You could just remove it from the realm of validity and sat its due to your feelings about the situation. It's not all that uncommon for people to be moved by something other than logic


----------



## Inguz (Mar 10, 2012)

tangosthenes said:


> You could just remove it from the realm of validity and sat its due to your feelings about the situation. It's not all that uncommon for people to be moved by something other than logic


There are serious issues with relativism. Ok, scientific example... Is Newton's theory of physics more valid than Einstein's theory of physics? In a relativist framework you would not have the means to say that one is better than the other, because ultimately all perspectives are equally valid (according to the relativist).

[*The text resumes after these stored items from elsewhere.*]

(* If a square matrix $A$ has a principal submatrix $A[\kappa]$ that is a Hurwitz-unstable $P^-_{FF}$ matrix, then $A$ is $D$-Hopf.
   Context: Hurwitz-unstable: at least one eigenvalue with positive real part. $P^-_0$ matrix: every nonzero $k\times k$ principal minor has sign $(-1)^k$. An $n\times n$ $P^-_0$ matrix $A$ is a $P^-_{FF}$ (Fisher–Fuller) matrix if there is a nested sequence of invertible principal submatrices $A[\kappa_1],\dots,A[\kappa_n]$ with $|\kappa_i|=i$ and $\kappa_{i-1}\subset\kappa_i$. Inertia: numbers of eigenvalues with negative, positive, zero real part. $A$ is $D$-Hopf if there exist an invertible $k\times k$ principal submatrix $A[\kappa]$ and positive diagonal $D_1,D_2$ with $\operatorname{inertia}(A[\kappa]D_1)\ne\operatorname{inertia}(A[\kappa]D_2)$. *)

theory Defs
  imports "Jordan_Normal_Form.DL_Submatrix" "Jordan_Normal_Form.Char_Poly"
    "HOL-Computational_Algebra.Polynomial"
begin

text \<open>Real square matrices are Jordan_Normal_Form matrices of type real mat;
  indices are 0-based.\<close>

definition principal_sub :: "real mat \<Rightarrow> nat set \<Rightarrow> real mat" where
  "principal_sub A \<kappa> = submatrix A \<kappa> \<kappa>"

definition eigs :: "real mat \<Rightarrow> complex multiset" where
  "eigs M = proots (char_poly (map_mat complex_of_real M))"

definition inertia :: "real mat \<Rightarrow> nat \<times> nat \<times> nat" where
  "inertia M = (size (filter_mset (\<lambda>z. Re z < 0) (eigs M)),
                size (filter_mset (\<lambda>z. Re z > 0) (eigs M)),
                size (filter_mset (\<lambda>z. Re z = 0) (eigs M)))"

definition hurwitz_unstable :: "real mat \<Rightarrow> bool" where
  "hurwitz_unstable M \<longleftrightarrow> (\<exists>z. eigenvalue (map_mat complex_of_real M) z \<and> Re z > 0)"

definition P0_minus :: "real mat \<Rightarrow> bool" where
  "P0_minus M \<longleftrightarrow> square_mat M \<and>
     (\<forall>\<alpha>. \<alpha> \<subseteq> {0..<dim_row M} \<longrightarrow> \<alpha> \<noteq> {} \<longrightarrow>
        det (principal_sub M \<alpha>) \<noteq> 0 \<longrightarrow>
        sgn (det (principal_sub M \<alpha>)) = (-1) ^ card \<alpha>)"

definition P_FF_minus :: "real mat \<Rightarrow> bool" where
  "P_FF_minus M \<longleftrightarrow> P0_minus M \<and>
     (\<exists>c :: nat \<Rightarrow> nat set.
        (\<forall>i\<in>{1..dim_row M}. c i \<subseteq> {0..<dim_row M} \<and> card (c i) = i \<and>
                               det (principal_sub M (c i)) \<noteq> 0) \<and>
        (\<forall>i\<in>{2..dim_row M}. c (i - 1) \<subseteq> c i))"

definition pos_diag :: "nat \<Rightarrow> real mat \<Rightarrow> bool" where
  "pos_diag k D \<longleftrightarrow> D \<in> carrier_mat k k \<and> diagonal_mat D \<and> (\<forall>i<k. D $$ (i, i) > 0)"

definition D_Hopf :: "real mat \<Rightarrow> bool" where
  "D_Hopf A \<longleftrightarrow> (\<exists>\<kappa> D1 D2. \<kappa> \<subseteq> {0..<dim_row A} \<and> \<kappa> \<noteq> {} \<and>
      det (principal_sub A \<kappa>) \<noteq> 0 \<and>
      pos_diag (card \<kappa>) D1 \<and> pos_diag (card \<kappa>) D2 \<and>
      inertia (principal_sub A \<kappa> * D1) \<noteq> inertia (principal_sub A \<kappa> * D2))"

end

theory Submission
  imports Defs
begin

(* Take kappa itself with D1 = I: then A[kappa] D1 has an eigenvalue with positive real part,
   so it suffices to find a positive diagonal D2 making B D2 Hurwitz stable, where B = A[kappa]
   (Fisher and Fuller). Renumbering the indices along the nested chain of the P-_FF condition
   turns the chain minors into leading principal minors, nonzero with signs (-1)^k; hence
   B = L U with L unit lower triangular and U upper triangular with negative diagonal. For
   D = diag(1, e^2, e^4, ...) the matrix L U D is similar to U D L and, after conjugation by
   diag(e^i), to a matrix whose i-th row is e^(2i) U_ii times the i-th unit row plus
   O(e^(2i+1)). For small e Gershgorin's theorem puts every eigenvalue into the open left
   half-plane, so the inertias of B D1 and B D2 differ in their number of eigenvalues with
   positive real part. *)

section \<open>Reindexing principal submatrices\<close>

lemma permutes_lessThan_less:
  fixes i n :: nat
  assumes "p permutes {0..<n}" and "i < n"
  shows "p i < n"
  using assms permutes_in_image[of p "{0..<n}" i] by auto

lemma det_permute_rows_cols:
  fixes A :: "'a::comm_ring_1 mat"
  assumes A: "A \<in> carrier_mat n n" and p: "p permutes {0..<n}"
  shows "det (mat n n (\<lambda>(i,j). A $$ (p i, p j))) = det A"
proof -
  have p_less: "\<And>i. i < n \<Longrightarrow> p i < n" using permutes_lessThan_less[OF p] .
  define A' where "A' = mat n n (\<lambda>(i,j). A $$ (i, p j))"
  have A': "A' \<in> carrier_mat n n" by (simp add: A'_def)
  have rows: "mat n n (\<lambda>(i,j). A $$ (p i, p j)) = mat n n (\<lambda>(i,j). A' $$ (p i, j))"
    by (rule eq_matI) (auto simp: A'_def p_less)
  have cols: "transpose_mat A' = mat n n (\<lambda>(i,j). transpose_mat A $$ (p i, j))"
    by (rule eq_matI, insert A, auto simp: A'_def p_less)
  have "det A' = det (transpose_mat A')" using det_transpose[OF A'] by simp
  also have "\<dots> = signof p * det (transpose_mat A)"
    unfolding cols by (rule det_permute_rows[OF _ p]) (use A in simp)
  also have "\<dots> = signof p * det A" using det_transpose[OF A] by simp
  finally have "det A' = signof p * det A" .
  then show ?thesis
    using det_permute_rows[OF A' p] by (simp add: rows mult.assoc[symmetric] sign_def)
qed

What I mean to say by that example is that there is some 'perspectives' that are simply better than others, even if it COULD be possible that Newton's theory is a better approximation of reality. What I dislike about relativism is the consequence that neither ought to be more valid. That is illogical. If there is no such thing as adopting a better 'perspective' over time, then empirical science is an exquisitely pointless exercise.


----------



## MNiS (Jan 30, 2010)

Inguz said:


> There are serious issues with relativism. Ok, scientific example... Is Newton's theory of physics more valid than Einstein's theory of physics? In a relativist framework you would not have the means to say that one is better than the other, because ultimately all perspectives are equally valid (according to the relativist).
> 
> What I mean to say by that example is that there is some 'perspectives' that are simply better than others, even if it COULD be possible that Newton's theory is a better approximation of reality. What I dislike about relativism is the consequence that neither ought to be more valid.

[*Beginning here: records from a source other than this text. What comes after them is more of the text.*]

theorem lemma2:
  fixes Bl :: "nat \<Rightarrow> nat set" and c :: "nat \<Rightarrow> int"
  assumes design: "sym_design 56 11 2 Bl"
    and lastB: "Bl 56 = {46..56}"
    and c01: "\<forall>j\<in>{1..55}. c j \<in> {0, 1}"
    and wt: "card {j\<in>{1..55}. c j \<noteq> 0} = 12"
    and cdual: "c \<in> gf3_dual 55 (gf3_span 55 {1..45} (inc Bl))"
  shows "(\<lambda>j. if j = 56 then 0 else c j) \<in> gf3_dual 56 (gf3_span 56 {1..56} (inc Bl))"
proof -
  define c' where "c' = (\<lambda>j. if j = 56 then 0 else c j)"
  define u where "u x = (\<Sum>j\<in>{1..56}. c' j * inc Bl x j)" for x
  have points: "{1..56::nat} = insert 56 {1..55}"
    by auto
  have u_eq: "u x = (\<Sum>j=1..55. c j * inc Bl x j)" for x
    unfolding u_def points by (subst sum.insert) (auto simp: c'_def intro!: sum.cong)
  have residual: "\<forall>x\<in>{1..56} - Bl 56. 3 dvd u x"
    using cdual lastB by (auto simp: gf3_dual_span_iff u_eq)
  have "(\<Sum>j\<in>{1..56}. c' j) = (\<Sum>j=1..55. c j)"
    unfolding points by (subst sum.insert) (auto simp: c'_def intro!: sum.cong)
  also have "\<dots> = 12"
    using sum_01_eq_card[OF _ c01] wt by simp
  finally have weight: "(\<Sum>j\<in>{1..56}. c' j) = 12" .
  have other_blocks: "\<forall>j\<in>{1..56} - {56}. 3 dvd (\<Sum>x\<in>Bl j. u x)"
  proof
    fix j :: nat assume j: "j \<in> {1..56} - {56}"
    then have "(\<Sum>x\<in>Bl j. u x) = (\<Sum>x\<in>{1..56}. inc Bl x j * u x)"
      using design by (intro sum_inc_mult[symmetric]) (simp_all add: sym_design_def)
    also have "\<dots> = 9 * c j + 24"
      using sym_design_transpose_mult[OF design _, of j c'] j weight by (simp add: u_def c'_def)
    finally show "3 dvd (\<Sum>x\<in>Bl j. u x)"
      by presburger
  qed
  have "\<forall>x\<in>{1..56}. 3 dvd u x"
    using biplane_dvd_on_block[OF design _ _ _ residual other_blocks] residual by auto
  then show ?thesis
    by (simp add: gf3_dual_span_iff u_def flip: c'_def)
qed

Bad example as both are true and equally valid within their relative scales. In fact, that would be more of an argument in favor of relativism.



> That is illogical. If there is no such thing as adopting a better 'perspective' over time, then empirical science is an exquisitely pointless exercise.


I think the problem with this argument is that you've implicitly assumed that there is one viewpoint that is ultimately quantifiablely better than all others. I can't think of one instance where that'd be true or accepted as fact. Also, is progression about replacing an old perspective with a "better" perspective or seeking a more complete perspective? I'd say it's the latter moreso than the former.


----------



## tangosthenes (Oct 29, 2011)

Inguz said:


> There are serious issues with relativism. Ok, scientific example... Is Newton's theory of physics more valid than Einstein's theory of physics? In a relativist framework you would not have the means to say that one is better than the other, because ultimately all perspectives are equally valid (according to the relativist).
> 
> What I mean to say by that example is that there is some 'perspectives' that are simply better than others, even if it COULD be possible that Newton's theory is a better approximation of reality. What I dislike about relativism is the consequence that neither ought to be more valid. That is illogical. If there is no such thing as adopting a better 'perspective' over time, then empirical science is an exquisitely pointless exercise.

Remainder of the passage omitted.